About this task – Count every line that includes the string "induction" in the entries that follow. Nothing besides the number is needed.

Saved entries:
****************************************
lemma run_eq_grun: "run t s \<psi> n = grun t s \<psi> n"
  by (induction n) simp_all

lemma transduces_eq_gtransduces: "transduces = gtransduces"
  by (intro ext) (simp add: transduces_def gtransduces_def out_prefix_def gout_prefix_def run_eq_grun)

lemma rational_iff_computes_on:
  "rational f \<longleftrightarrow> homeomorphic_map cantor cantor f \<and>
     (\<exists>S (s0 :: nat) t out. computes_on S s0 t out UNIV f)"
  by (simp add: rational_def computes_on_def transduces_eq_gtransduces)

lemma computes_on_cong:
  "computes_on S s0 t out A g \<Longrightarrow> B \<subseteq> A \<Longrightarrow> (\<And>\<psi>. \<psi> \<in> B \<Longrightarrow> f \<psi> = g \<psi>)
    \<Longrightarrow> computes_on S s0 t out B f"
  by (auto simp: computes_on_def)

lemma grun_in: "s \<in> S \<Longrightarrow> \<forall>s\<in>S. \<forall>b. t s b \<in> S \<Longrightarrow> grun t s \<psi> n \<in> S"
  by (induction n) auto

lemma grun_cong: "\<forall>k<n. \<psi> k = \<phi> k \<Longrightarrow> grun t s \<psi> n = grun t s \<phi> n"
  by (induction n) auto

lemma gout_prefix_Suc:
  "gout_prefix t out s \<psi> (Suc n) = gout_prefix t out s \<psi> n @ out (grun t s \<psi> n) (\<psi> n)"
  by (simp add: gout_prefix_def)

lemma gout_prefix_0 [simp]: "gout_prefix t out s \<psi> 0 = []"
  by (simp add: gout_prefix_def)

lemma gout_prefix_cong: "\<forall>k<n. \<psi> k = \<phi> k \<Longrightarrow> gout_prefix t out s \<psi> n = gout_prefix t out s \<phi> n"
proof (induction n)
  case (Suc n)
  have "grun t s \<psi> n = grun t s \<phi> n"
    using Suc.prems by (intro grun_cong) simp
  with Suc show ?case
    by (simp add: gout_prefix_Suc)
qed simp

lemma length_gout_prefix_mono:
  "n \<le> m \<Longrightarrow> length (gout_prefix t out s \<psi> n) \<le> length (gout_prefix t out s \<psi> m)"
  by (induction m rule: dec_induct) (auto simp: gout_prefix_Suc)

lemma gtransduces_delayed:
  assumes silent: "\<And>n. n < N \<Longrightarrow> gout_prefix t out s \<psi> n = []"
    and catch_up: "\<And>n. N \<le> n \<Longrightarrow> gout_prefix t out s \<psi> n = gout_prefix t' out' s' \<psi> n"
    and "gtransduces t' out' s' \<psi> w"
  shows "gtransduces t out s \<psi> w"
  unfolding gtransduces_def
proof (intro conjI allI impI)
  fix n i assume "i < length (gout_prefix t out s \<psi> n)"
  with silent catch_up \<open>gtransduces t' out' s' \<psi> w\<close> show "gout_prefix t out s \<psi> n ! i = w i"
    unfolding gtransduces_def by (metis length_0_conv less_zeroE not_le)
next
  fix m
  obtain n where "m \<le> length (gout_prefix t' out' s' \<psi> n)"
    using \<open>gtransduces t' out' s' \<psi> w\<close> unfolding gtransduces_def by blast
  then have "m \<le> length (gout_prefix t out s \<psi> (max n N))"
    using length_gout_prefix_mono[of n "max n N" t' out' s' \<psi>] catch_up[of "max n N"] by simp
  then show "\<exists>n. m \<le> length (gout_prefix t out s \<psi> n)" ..
qed

lemma computes_on_nat_states:
  fixes S :: "'a::countable set"
  assumes "computes_on S s0 t out A f"
  shows "\<exists>S' (s0' :: nat) t' out'. computes_on S' s0' t' out' A f"
proof -
  let ?t = "\<lambda>n b. to_nat (t (from_nat n) b)" and ?out = "\<lambda>n b. out (from_nat n) b"
  have "grun ?t (to_nat s) \<psi> n = to_nat (grun t s \<psi> n)" for s \<psi> n
    by (induction n) simp_all
  then have "gout_prefix ?t ?out (to_nat s0) = gout_prefix t out s0"
    by (intro ext) (simp add: gout_prefix_def)
  then have "computes_on (to_nat ` S) (to_nat s0) ?t ?out A f"
    using assms by (auto simp: computes_on_def gtransduces_def)
  then show ?thesis by blast
qed

text \<open>State \<open>(u, s)\<close>: the word \<open>u\<close> read so far, up to length \<open>N\<close>, and then the state \<open>s\<close> of the
  transducer \<open>(tt u, ouf u, s0 u)\<close> in charge of \<open>cylinder u\<close>; while buffering, \<open>s\<close> is \<open>undefined\<close>.\<close>
definition buffer_trans :: "nat \<Rightarrow> (bool list \<Rightarrow> 'a \<Rightarrow> bool \<Rightarrow> 'a) \<Rightarrow> (bool list \<Rightarrow> 'a)
    \<Rightarrow> bool list \<times> 'a \<Rightarrow> bool \<Rightarrow> bool list \<times> 'a" where
  "buffer_trans N tt s0 = (\<lambda>(u, s) b. if length u < N then
     (u @ [b], if Suc (length u) = N then grun (tt (u @ [b])) (s0 (u @ [b])) (extend (u @ [b])) N else s)
   else (u, tt u s b))"

definition buffer_out :: "nat \<Rightarrow> (bool list \<Rightarrow> 'a \<Rightarrow> bool \<Rightarrow> 'a) \<Rightarrow> (bool list \<Rightarrow> 'a \<Rightarrow> bool \<Rightarrow> bool list)
    \<Rightarrow> (bool list \<Rightarrow> 'a) \<Rightarrow> bool list \<times> 'a \<Rightarrow> bool \<Rightarrow> bool list" where
  "buffer_out N tt ouf s0 = (\<lambda>(u, s) b. if length u < N then
     (if Suc (length u) = N then gout_prefix (tt (u @ [b])) (ouf (u @ [b])) (s0 (u @ [b])) (extend (u @ [b])) N
      else [])
   else ouf u s b)"

lemma buffer_before:
  assumes "n < N"
  shows "grun (buffer_trans N tt s0) ([], undefined) \<psi> n = (word_prefix \<psi> n, undefined)"
    and "gout_prefix (buffer_trans N tt s0) (buffer_out N tt ouf s0) ([], undefined) \<psi> n = []"
  using assms
  by (induction n) (auto simp: buffer_trans_def buffer_out_def word_prefix_Suc gout_prefix_Suc)

lemma buffer_after:
  fixes \<psi> :: "nat \<Rightarrow> bool"
  assumes "0 < N" "N \<le> n"
  defines "u \<equiv> word_prefix \<psi> N"
  shows "grun (buffer_trans N tt s0) ([], undefined) \<psi> n = (u, grun (tt u) (s0 u) \<psi> n)
    \<and> gout_prefix (buffer_trans N tt s0) (buffer_out N tt ouf s0) ([], undefined) \<psi> n
      = gout_prefix (tt u) (ouf u) (s0 u) \<psi> n"
  using \<open>N \<le> n\<close>
proof (induction n rule: dec_induct)
  case base
  obtain m where m: "N = Suc m"
    using \<open>0 < N\<close> gr0_implies_Suc by blast
  have u: "word_prefix \<psi> m @ [\<psi> m] = u" "length (word_prefix \<psi> m) < N" "Suc (length (word_prefix \<psi> m)) = N"
    by (simp_all add: u_def m word_prefix_Suc)
  have "\<forall>k<N. extend u k = \<psi> k"
    using word_prefix_extend[of u] by (simp add: u_def word_prefix_eq_iff)
  then have "grun (tt u) (s0 u) (extend u) N = grun (tt u) (s0 u) \<psi> N"
    and "gout_prefix (tt u) (ouf u) (s0 u) (extend u) N = gout_prefix (tt u) (ouf u) (s0 u) \<psi> N"
    by (simp_all add: grun_cong gout_prefix_cong)
  moreover have "grun (buffer_trans N tt s0) ([], undefined) \<psi> N
      = buffer_trans N tt s0 (word_prefix \<psi> m, undefined) (\<psi> m)"
    and "gout_prefix (buffer_trans N tt s0) (buffer_out N tt ouf s0) ([], undefined) \<psi> N
      = buffer_out N tt ouf s0 (word_prefix \<psi> m, undefined) (\<psi> m)"
    using buffer_before(1)[of m N tt s0 \<psi>] buffer_before(2)[of m N tt s0 ouf \<psi>]
    by (simp_all add: m gout_prefix_Suc)
  ultimately show ?case
    using u by (simp add: buffer_trans_def buffer_out_def)
next
  case (step n)
  moreover have "length u = N"
    by (simp add: u_def)
  ultimately show ?case
    by (simp add: buffer_trans_def buffer_out_def gout_prefix_Suc)
qed

lemma computes_on_cylinders:
  assumes "N > 0"
    and local: "\<And>u. length u = N \<Longrightarrow> \<exists>S (s0 :: 'a) t out. computes_on S s0 t out (cylinder u) f"
  shows "\<exists>S (s0 :: bool list \<times> 'a) t out. computes_on S s0 t out UNIV f"
proof -
  obtain SS and s0 :: "bool list \<Rightarrow> 'a" and tt ouf
    where local: "\<And>u. length u = N \<Longrightarrow> computes_on (SS u) (s0 u) (tt u) (ouf u) (cylinder u) f"
    using local by metis
  define S where "S = (\<lambda>u. (u, undefined)) ` {u. length u < N} \<union> (SIGMA u:{u. length u = N}. SS u)"
  have "finite {u :: bool list. length u \<le> N}"
    using finite_lists_length_le[of "UNIV :: bool set" N] by simp
  then have "finite {u :: bool list. length u < N}" "finite {u :: bool list. length u = N}"
    by (auto elim: rev_finite_subset)
  then have "finite S"
    unfolding S_def using local by (intro finite_UnI finite_imageI finite_SigmaI) (auto simp: computes_on_def)
  moreover have "([], undefined) \<in> S"
    using \<open>N > 0\<close> by (simp add: S_def)
  moreover have "buffer_trans N tt s0 x b \<in> S" if "x \<in> S" for x b
    using that local[of "fst x @ [b]"] local[of "fst x"]
    by (auto simp: S_def buffer_trans_def computes_on_def intro!: grun_in)
  moreover have "gtransduces (buffer_trans N tt s0) (buffer_out N tt ouf s0) ([], undefined) \<psi> (f \<psi>)" for \<psi>
  proof -
    let ?u = "word_prefix \<psi> N"
    have "gtransduces (tt ?u) (ouf ?u) (s0 ?u) \<psi> (f \<psi>)"
      using local[of ?u] by (simp add: computes_on_def cylinder_def)
    then show ?thesis
      by (rule gtransduces_delayed[where N = N, rotated 2]) (simp_all add: buffer_before buffer_after \<open>N > 0\<close>)
  qed
  ultimately show ?thesis
    unfolding computes_on_def by blast
qed

theorem proposition2p3:
  assumes "homeomorphic_map cantor cantor h"
    and "locally_agrees h rational_group"
  shows "h \<in> rational_group"
proof -
  obtain N where "N > 0" and uniform: "\<And>\<psi>. \<exists>g\<in>rational_group. \<forall>\<phi>\<in>cylinder (word_prefix \<psi> N). h \<phi> = g \<phi>"
    using locally_agrees_uniform_depth[OF assms(2)] by blast
  have "\<exists>S (s0 :: nat) t out. computes_on S s0 t out (cylinder u) h" if "length u = N" for u
  proof -
    obtain g where "rational g" and agree: "\<forall>\<phi>\<in>cylinder u. h \<phi> = g \<phi>"
      using uniform[of "extend u"] \<open>length u = N\<close> by (auto simp: rational_group_def)
    then obtain S s0 t out where "computes_on S (s0 :: nat) t out UNIV g"
      by (auto simp: rational_iff_computes_on)
    then show ?thesis
      using agree by (blast intro: computes_on_cong)
  qed
  then obtain S s0 t out where "computes_on S (s0 :: bool list \<times> nat) t out UNIV h"
    using computes_on_cylinders[OF \<open>N > 0\<close>] by blast
  then have "rational h"
    using assms(1) computes_on_nat_states by (auto simp: rational_iff_computes_on)
  then show ?thesis
    by (simp add: rational_group_def)
qed

end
****************************************
Answer for this exercise – 8